本作におけるふたつの世界、それはサムエレや家族、ラジオDJのピッポなどが暮らす何気ない日常としてのランペデューサ島と、20年間で40万人の難民が命がけで訪れた、難民たちの玄関口としてのランペデューサ島である。このふたつの世界は作中、並行して描かれることとなるが、両者を結ぶ存在としては、島でたったひとりの医師を数えるのみだ。ランペデューサ島の広さは約20㎢。日本に置き換えると、東京都港区の大きさとほぼ同じだ。限られた生活圏内であるゆえに、島民たちが島に訪れる難民たちの存在を知らない、とは考えにくい。ただ真実がどうあるかは、“重要な事柄”ではない。本質がどうあれ、本作においては、画面に「同時的に映されることがない」という事実だけがすべてなのだ。

では、本作は島民たちの「無関心」を捏造したプロパガンダ映画なのか?そのような問いは、しかし当てはまらない。「無関心」ということばを使うのだとすれば、本作におけるそれはむしろ、わたしたちが日常において使う意味の凡庸性=一義性の解体である。関心とは、言いかえれば取捨選択だ。それは本作の画面に立脚してたとえれば、サムエレや友人がパチンコで、もしくは手を銃のかたちにして撃つその標的であり、ピッポが放送において流す音楽である。本作では映像において、「選ばれた」豊かさをまず感受すべきなのだ。

中盤、漁に出たサムエレと伯父がイカを釣りあげ、それが祖母によって調理され、シチュー(煮込み)として食卓に上がる、時間の移行を示す上で明快なシークエンスがある。ここで留意すべきは、サムエレと伯父、祖母、そして私たち観客はそれぞれ見えているものが違うという、当たり前のように思えるものごとの道理である。たとえば、サムエレと伯父がイカを釣りあげた瞬間を(おそらくは)見ていることに対し、祖母はその瞬間を知らず、また祖母が主体となったイカの調理の過程に、彼らふたりは立ち会っていない。「島民/難民」というより大きな対照性ではなく、「家族」というミニマムな、かつ普遍的なコミュニティの内部での「視点のずれ」を示唆するうえでもこれらのシークエンスは機能している。そして私たち観客は、それらふたつを編集された、「ダイジェスト」という形でしか見ることはできない。ここにもまた確かな視点の分断があることを、わたしたちは自然に感じとることになる。

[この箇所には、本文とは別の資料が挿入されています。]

lemma no_path_anticomplete_pair:
  assumes sg: "simple_graph N E" and a: "a \<le> N" and no_path: "\<And>p. \<not> path_in N E p l"
  shows "contains_anticomplete_pair N E a (N + 1 - a - l)"
proof -
  have "dfs_state N E {} [] {..<N}" unfolding dfs_state_def by simp
  then obtain S T U where st: "dfs_state N E S T U" and cS: "card S = a"
    using dfs_reaches_finished_count[OF sg a] by force
  have "inj_on (\<lambda>i. T!i) {..<length T}" using st unfolding dfs_state_def by (simp add: inj_on_nth)
  then have T_path: "path_in N E (\<lambda>i. T!i) (length T)"
    using st unfolding dfs_state_def path_in_def by (auto simp: set_conv_nth)
  have "length T < l"
  proof (rule ccontr)
    assume "\<not> length T < l"
    then show False using path_in_prefix[OF T_path, of l] no_path by simp
  qed
  have fin: "finite S" "finite U" using dfs_state_finite[OF st] by auto
  have "N = card (S \<union> set T \<union> U)" using st unfolding dfs_state_def by simp
  also have "\<dots> = card (S \<union> set T) + card U"
    using st fin unfolding dfs_state_def by (intro card_Un_disjoint) auto
  also have "card (S \<union> set T) = card S + length T"
    using st fin unfolding dfs_state_def by (simp add: card_Un_disjoint distinct_card)
  finally have "N + 1 - a - l \<le> card U" using cS \<open>length T < l\<close> by linarith
  moreover have "anticomplete E S U"
    unfolding anticomplete_def
  proof (intro ballI)
    fix x y assume x: "x \<in> S" and y: "y \<in> U"
    then have "\<not> E x y" using st unfolding dfs_state_def by blast
    moreover have "x < N" "y < N" using st x y unfolding dfs_state_def by auto
    ultimately show "\<not> E x y \<and> \<not> E y x" using simple_graph_sym[OF sg] by blast
  qed
  moreover have "S \<subseteq> {..<N}" "U \<subseteq> {..<N}" "S \<inter> U = {}" using st unfolding dfs_state_def by auto
  ultimately show ?thesis
    unfolding contains_anticomplete_pair_def using cS by (intro exI[of _ S] exI[of _ U]) simp
qed

lemma anticomplete_pair_contains_bipartite:
  assumes pair: "contains_anticomplete_pair N E a b"
    and proper: "\<And>u v. u < h \<Longrightarrow> v < h \<Longrightarrow> H u v \<Longrightarrow> c u \<noteq> c v"
    and ca: "card {v. v < h \<and> c v} \<le> a" and cb: "card {v. v < h \<and> \<not> c v} \<le> b"
  shows "contains_subgraph N (complement_edges E) h H"
proof -
  obtain A B where AB: "A \<subseteq> {..<N}" "B \<subseteq> {..<N}" "A \<inter> B = {}" "a \<le> card A" "b \<le> card B"
    and anti: "anticomplete E A B"
    using pair unfolding contains_anticomplete_pair_def by blast
  have "finite A" using AB(1) by (rule finite_subset) simp
  then obtain f where f: "f ` {v. v < h \<and> c v} \<subseteq> A" "inj_on f {v. v < h \<and> c v}"
    using card_le_inj[of "{v. v < h \<and> c v}" A] ca AB(4) by fastforce
  have "finite B" using AB(2) by (rule finite_subset) simp
  then obtain g where g: "g ` {v. v < h \<and> \<not> c v} \<subseteq> B" "inj_on g {v. v < h \<and> \<not> c v}"
    using card_le_inj[of "{v. v < h \<and> \<not> c v}" B] cb AB(5) by fastforce
  define e where "e v = (if c v then f v else g v)" for v
  have eA: "e v \<in> A" if "v < h" "c v" for v using f(1) that unfolding e_def by auto
  have eB: "e v \<in> B" if "v < h" "\<not> c v" for v using g(1) that unfolding e_def by auto
  have "inj_on e {0..<h}"
  proof (rule inj_onI)
    fix u v assume u: "u \<in> {0..<h}" and v: "v \<in> {0..<h}" and euv: "e u = e v"
    show "u = v"
    proof (cases "c u = c v")
      case True
      then show ?thesis
        using euv u v f(2) g(2) unfolding e_def inj_on_def by (cases "c u") auto
    next
      case False
      then have "e u \<in> A \<and> e v \<in> B \<or> e u \<in> B \<and> e v \<in> A" using eA eB u v by (cases "c u") auto
      then show ?thesis using euv AB(3) by auto
    qed
  qed
  moreover have "e ` {0..<h} \<subseteq> {0..<N}"
    using eA eB AB(1,2) by (force simp: subset_iff)
  moreover have "complement_edges E (e u) (e v)" if "u < h" "v < h" "H u v" for u v
  proof -
    have "e u \<in> A \<and> e v \<in> B \<or> e u \<in> B \<and> e v \<in> A"
      using proper[OF that] eA eB that(1,2) by (cases "c u") auto
    then show ?thesis
      using anti AB(3) unfolding anticomplete_def complement_edges_def by auto
  qed
  ultimately show ?thesis unfolding contains_subgraph_def by blast
qed

text \<open>The hub sees only cycle vertices whose index is divisible by the even number s.\<close>
lemma jahangir_edges_bipartite:
  assumes s: "even s" and uv: "u \<le> s*m" "v \<le> s*m" and e: "jahangir_edges s m u v"
  shows "(u < s*m \<and> even u) \<noteq> (v < s*m \<and> even v)"
proof -
  have sm: "even (s*m)" using s by simp
  have cycle_step: "(x < s*m \<and> even x) \<noteq> (y < s*m \<and> even y)"
    if "x < s*m" "y = Suc x mod (s*m)" for x y
  proof (cases "Suc x < s*m")
    case True then show ?thesis using that by simp
  next
    case False
    then have "Suc x = s*m" using that(1) by simp
    then have "odd x" "y = 0" using sm that(2) by (metis even_Suc, simp)
    moreover have "0 < s*m" using that(1) by linarith
    ultimately show ?thesis by simp
  qed
  have hub: "even x" if "s dvd x" for x using s that by (auto dest: dvd_trans)
  from e consider "u < s*m" "v = Suc u mod (s*m)" | "v < s*m" "u = Suc v mod (s*m)"
    | "u = s*m" "v < s*m" "s dvd v" | "v = s*m" "u < s*m" "s dvd u"
    unfolding jahangir_edges_def by auto
  then show ?thesis
  proof cases
    case 1 then show ?thesis using cycle_step by blast
  next
    case 2 then show ?thesis using cycle_step by metis
  next
    case 3 then show ?thesis using hub by auto
  next
    case 4 then show ?thesis using hub by auto
  qed
qed

lemma card_even_below_double: "card {v. v < 2*k \<and> even v} = (k::nat)"
proof -
  have "{v. v < 2*k \<and> even v} = (\<lambda>i. 2*i) ` {..<k}" by (auto elim!: evenE)
  then show ?thesis by (simp add: card_image inj_on_def)
qed

lemma jahangir_colour_classes:
  assumes "s*m = 2*k"
  shows "card {v. v < s*m + 1 \<and> (v < s*m \<and> even v)} = k"
    and "card {v. v < s*m + 1 \<and> \<not> (v < s*m \<and> even v)} = Suc k"
proof -
  have "{v. v < s*m + 1 \<and> (v < s*m \<and> even v)} = {v. v < 2*k \<and> even v}" using assms by auto
  then show k: "card {v. v < s*m + 1 \<and> (v < s*m \<and> even v)} = k" by (simp add: card_even_below_double)
  have "{v. v < s*m + 1 \<and> \<not> (v < s*m \<and> even v)} = {..<s*m + 1} - {v. v < s*m + 1 \<and> (v < s*m \<and> even v)}"
    by auto
  then show "card {v. v < s*m + 1 \<and> \<not> (v < s*m \<and> even v)} = Suc k"
    using k assms by (simp add: card_Diff_subset subset_iff)
qed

「見る」ことのやや迂回した例をもうひとつ、医師が難民である妊婦の超音波検査をおこないながら、彼女に語りかけるシークエンスを参照しよう。超音波によって映される(双子の)胎児は、当然ながら実際の胎児の姿ではない。また医師にとっての胎児が(情が移りえることを別にすれば)ひとつの診療対象に過ぎないことに対して、母親にとっての胎児は、医学的見地から語ることこそできないものの、胎動とともに自身の内部に息づいている、確かな実感を伴った存在である。つまり母親は胎児を、視覚以外でも確かに「見る」ことができている。このような違いは、視覚的な表現を使うのであれば、主「観」と客「観」の差とも言いかえることができるだろう。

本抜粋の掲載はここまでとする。